El equilibrio es el punto equidistante entre los extremos. A ellos se refería Buda como las grandes emboscadas, las trampas; y por eso recomendaba esa vía media que se aparta de los extremos, es decir, de la desmesura, lo desorbitado, la reacción anómala y el desequilibrio.

El equilibrio es un modo de sentir, ser y «serse», relacionarse con uno mismo y con los demás. Es todo lo contrario que el desorden, la inarmonía, la reacción desorbitada e histriónica, la agitación y el desquiciamiento. Por eso el equilibrio es estar en un centro propio, en el propio ser, asido a uno mismo; y el desequilibrio es descentrarse, salirse del propio quicio o desquiciarse, extraviarse en reacciones desmesuradas. El equilibrio es el punto de quietud incluso en la inquietud, y de ahí que Buda recomendase: «Vivamos sosegados entre los que se desasosiegan». El equilibrio interior es como un centro de consciencia inafectado e imperturbado, que mantiene su inalterabilidad incluso ante los estados de ánimo fluctuantes, los pensamientos cambiantes y las contingentes influencias externas. Para poder velar por ese equilibrio, para custodiarlo, se requiere mucha consciencia de sí, autovigilancia, fortaleza anímica y la capacidad de no dejarse arrastrar ni arrebatar por los propios estados anímicos ni por las situaciones del exterior. Todo gira en una rueda, pero ese espacio que hay en su buje es el punto de quietud, lo que menos se perturba o modifica. Los yoguis samkya lo denominan lo inmóvil en lo móvil, y el sabio Nisargadatta declaraba:

En el ahora, tú eres a la vez lo que se mueve y lo inmóvil. Hasta ahora has pensado que tú eras lo que se movía y te has olvidado de lo que no se mueve. No tengas en cuenta lo que se mueve y te verás como la realidad inmutable y siempre presente, inexplicable, pero sólida como una roca.

Y también:

Las reacciones emocionales, nacidas de la ignorancia o de la distracción, no están nunca justificadas. Busca un espíritu claro y un corazón claro. Todo lo que necesitas es una vigilancia tranquila, sumergirte en tu naturaleza real. Es el único camino hacia la paz.

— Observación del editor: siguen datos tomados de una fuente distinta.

theorem lemma4p5:
  fixes scale :: "'f::field \<Rightarrow> 'v::ab_group_add \<Rightarrow> 'v"
    and s :: "'v \<Rightarrow> 'v \<Rightarrow> 'f"
    and p H :: "'v set"
    and n :: nat
  assumes vs: "vector_space scale"
    and fin: "\<exists>B. finite B \<and> module.span scale B = UNIV"
    and dimV: "vector_space.dim scale (UNIV::'v set) = n"
    and odd_n: "odd n"
    and form: "alt_bilinear scale s"
    and maxrank: "vector_space.dim scale (Rad s UNIV) \<le> 1"
    and p_sub: "module.subspace scale p"
    and p_dim: "vector_space.dim scale p = 1"
    and p_rad: "p \<inter> Rad s UNIV = {0}"
    and H_sub: "module.subspace scale H"
    and H_cap: "H \<inter> p = {0}"
    and H_sum: "{h + q | h q. h \<in> H \<and> q \<in> p} = UNIV"
    and H_rad: "Rad s UNIV \<subseteq> H"
  shows "\<forall>\<gamma>. is_triangle scale s p H \<gamma> \<longrightarrow>
           null_homotopic (is_object scale s p H) (incident scale s p H) \<gamma>"
proof (intro allI impI)
  fix \<gamma> assume T: "is_triangle scale s p H \<gamma>"
  interpret vector_space scale by (rule vs)
  obtain Bs where "finite_dimensional_vector_space scale Bs"
    using fin finite_dimensional_if_finite_spanning by blast
  then interpret finite_dimensional_vector_space scale Bs .
  obtain e where "e \<noteq> 0" and p: "p = span {e}"
    using obtain_span_singleton_of_dim_1[OF p_sub p_dim] by blast
  then have "e \<notin> H" using H_cap span_base by blast
  have H_complement: "\<exists>h t. h \<in> H \<and> x = h + scale t e" for x
    using H_sum[symmetric] unfolding p span_singleton by blast
  have "is_object scale s p H (hd \<gamma>)" using T unfolding is_triangle_def is_path_def by auto
  then obtain r where "r \<in> Rad s UNIV" "r \<noteq> 0" by (rule obtain_nonzero_in_Rad_UNIV)
  interpret Pi_geometry scale Bs s p H n e r
    by unfold_locales (use dimV odd_n form maxrank p H_sub \<open>e \<notin> H\<close> H_complement
      \<open>r \<in> Rad s UNIV\<close> \<open>r \<noteq> 0\<close> H_rad in auto)
  show "null_homotopic (is_object scale s p H) (incident scale s p H) \<gamma>"
    by (rule triangle_null_homotopic[OF T])
qed

end
definition translates_atoms :: "nat \<Rightarrow> ((nat \<Rightarrow> 'a set) \<Rightarrow> (nat \<Rightarrow> 'a set)) \<Rightarrow> bool" where
  "translates_atoms N f \<longleftrightarrow>
     (\<forall>x\<in>XG. \<exists>g\<in>carrier G. \<forall>y\<in>atom G Gs N (x N). f y = odo_act G g y)"

lemma translates_atoms_mono:
  assumes "translates_atoms m f" "m \<le> N"
  shows "translates_atoms N f"
  unfolding translates_atoms_def
proof
  fix x assume x: "x \<in> XG"
  then obtain g where "g \<in> carrier G" "\<forall>y\<in>atom G Gs m (x m). f y = odo_act G g y"
    using assms(1) unfolding translates_atoms_def by blast
  then show "\<exists>g\<in>carrier G. \<forall>y\<in>atom G Gs N (x N). f y = odo_act G g y"
    using atom_antimono[OF x assms(2)] by blast
qed

subsection \<open>The inverse limit topology\<close>

abbreviation "PX \<equiv> product_topology (\<lambda>n. discrete_topology (cosets n)) UNIV"

lemma odometer_space_subset_product: "XG \<subseteq> topspace PX"
  using odometer_space_coord by (auto simp: PiE_iff)

lemma topspace_odometer: "topspace TX = XG"
  unfolding odometer_topology_def using odometer_space_subset_product by auto

lemma continuous_map_coord: "continuous_map TX (discrete_topology (cosets m)) (\<lambda>x. x m)"
  unfolding odometer_topology_def
  by (rule continuous_map_from_subtopology) (rule continuous_map_product_projection, simp)

lemma atom_eq_preimage: "atom G Gs m c = {x \<in> topspace TX. x m \<in> {c} \<inter> cosets m}"
  using odometer_space_coord by (auto simp: atom_def topspace_odometer)

lemma openin_atom: "openin TX (atom G Gs m c)"
  unfolding atom_eq_preimage by (rule openin_continuous_map_preimage[OF continuous_map_coord]) simp

lemma clopen_in_atom: "clopen_in TX (atom G Gs m c)"
  unfolding clopen_in_def atom_eq_preimage
  by (intro conjI openin_continuous_map_preimage[OF continuous_map_coord]
      closedin_continuous_map_preimage[OF continuous_map_coord]) simp_all

lemma openin_odometer_atom_subset:
  assumes U: "openin TX U" and x: "x \<in> U"
  shows "\<exists>m. atom G Gs m (x m) \<subseteq> U"
proof -
  obtain S where S: "openin PX S" "U = S \<inter> XG"
    using U unfolding odometer_topology_def openin_subtopology by blast
  have xX: "x \<in> XG" and "x \<in> S" using x S(2) by blast+
  obtain V where V: "finite {i \<in> UNIV. V i \<noteq> topspace (discrete_topology (cosets i))}"
    "x \<in> Pi\<^sub>E UNIV V" "Pi\<^sub>E UNIV V \<subseteq> S"
    using S(1)[unfolded openin_product_topology_alt, rule_format, OF \<open>x \<in> S\<close>] by blast
  define F where "F = {i. V i \<noteq> cosets i}"
  have "finite F" using V(1) by (simp add: F_def)
  define m where "m = Max (insert 0 F)"
  have m: "i \<in> F \<Longrightarrow> i \<le> m" for i using \<open>finite F\<close> by (simp add: m_def)
  have "y \<in> U" if y: "y \<in> atom G Gs m (x m)" for y
  proof -
    have yX: "y \<in> XG" and ym: "y m = x m" using y by (auto simp: atom_def)
    have "y i \<in> V i" for i
    proof (cases "i \<in> F")
      case True
      then have "y i = x i" using odometer_space_coord_eq[OF yX xX ym m[OF True]] by simp
      then show ?thesis using V(2) by (simp add: PiE_iff)
    next
      case False
      then show ?thesis using odometer_space_coord[OF yX] by (simp add: F_def)
    qed
    then have "y \<in> Pi\<^sub>E UNIV V" by (simp add: PiE_iff)
    then show ?thesis using V(3) S(2) yX by blast
  qed
  then show ?thesis by blast
qed
lemma indep_var_gains_interference:
  assumes i: "i \<in> {1, 2}"
  shows "indep_var borel (\<lambda>x. ((cmod (h 0 x))\<^sup>2, (cmod (h i x))\<^sup>2, (cmod (h (3 - i) x))\<^sup>2))
                   borel (\<lambda>x. (G (tnode i) x, G R x, 0::real))"
proof -
  \<comment> \<open>the padding \<open>0\<close> only gives both vectors the common type \<open>indep_var\<close> requires\<close>
  let ?A = "Inl ` {0, 1, 2} :: (nat + node \<times> nat) set"
  let ?B = "Inr ` ({tnode i} \<times> {1..L (tnode i)} \<union> {R} \<times> {1..L R}) :: (nat + node \<times> nat) set"
  let ?f = "\<lambda>\<omega>. ((cmod (\<omega> (Inl 0)))\<^sup>2, (cmod (\<omega> (Inl i)))\<^sup>2, (cmod (\<omega> (Inl (3 - i))))\<^sup>2)"
  let ?g = "\<lambda>\<omega>. (\<Sum>k\<in>{1..L (tnode i)}. PI (tnode i) * (cmod (\<omega> (Inr (tnode i, k))))\<^sup>2,
                 \<Sum>k\<in>{1..L R}. PI R * (cmod (\<omega> (Inr (R, k))))\<^sup>2, 0::real)"
  have "indep_var borel
      (\<lambda>x. ?f (restrict (\<lambda>j. fading j x) ?A)) borel
      (\<lambda>x. ?g (restrict (\<lambda>j. fading j x) ?B))"
  proof (rule indep_var_restrict_compose[OF indep])
    show "?f \<in> borel_measurable (PiM ?A (\<lambda>_. borel))"
      using i by (intro borel_measurable_Pair measurable_PiM_component_compose) auto
    show "?g \<in> borel_measurable (PiM ?B (\<lambda>_. borel))"
      by (intro borel_measurable_Pair measurable_PiM_sum_norm_power2) auto
  qed auto
  moreover have "G (tnode i) x = (\<Sum>k\<in>{1..L (tnode i)}. PI (tnode i) * (cmod (restrict
            (\<lambda>j. fading j x) ?B (Inr (tnode i, k))))\<^sup>2)"
    "G R x = (\<Sum>k\<in>{1..L R}. PI R * (cmod (restrict
            (\<lambda>j. fading j x) ?B (Inr (R, k))))\<^sup>2)" for x
    by (intro Gamma_eq_PiM_restrict; auto)+
  ultimately show ?thesis
    using i by (auto simp: restrict_def)
qed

Incluso cuando el equilibrio se pierde, hay que reequilibrarse, como el hábil alambrista, que si se decanta hacia un lado corrige hacia el otro, y siempre recupera su centro de gravitación. En la vida habrá muchas ocasiones en que tendamos a desequilibrarnos e influencias que nos alteren, pero en esas circunstancias hay que saber reponerse y hallar ese centro de consciencia más inafectada que se sitúa más allá de las situaciones externas y de las fluctuaciones anímicas.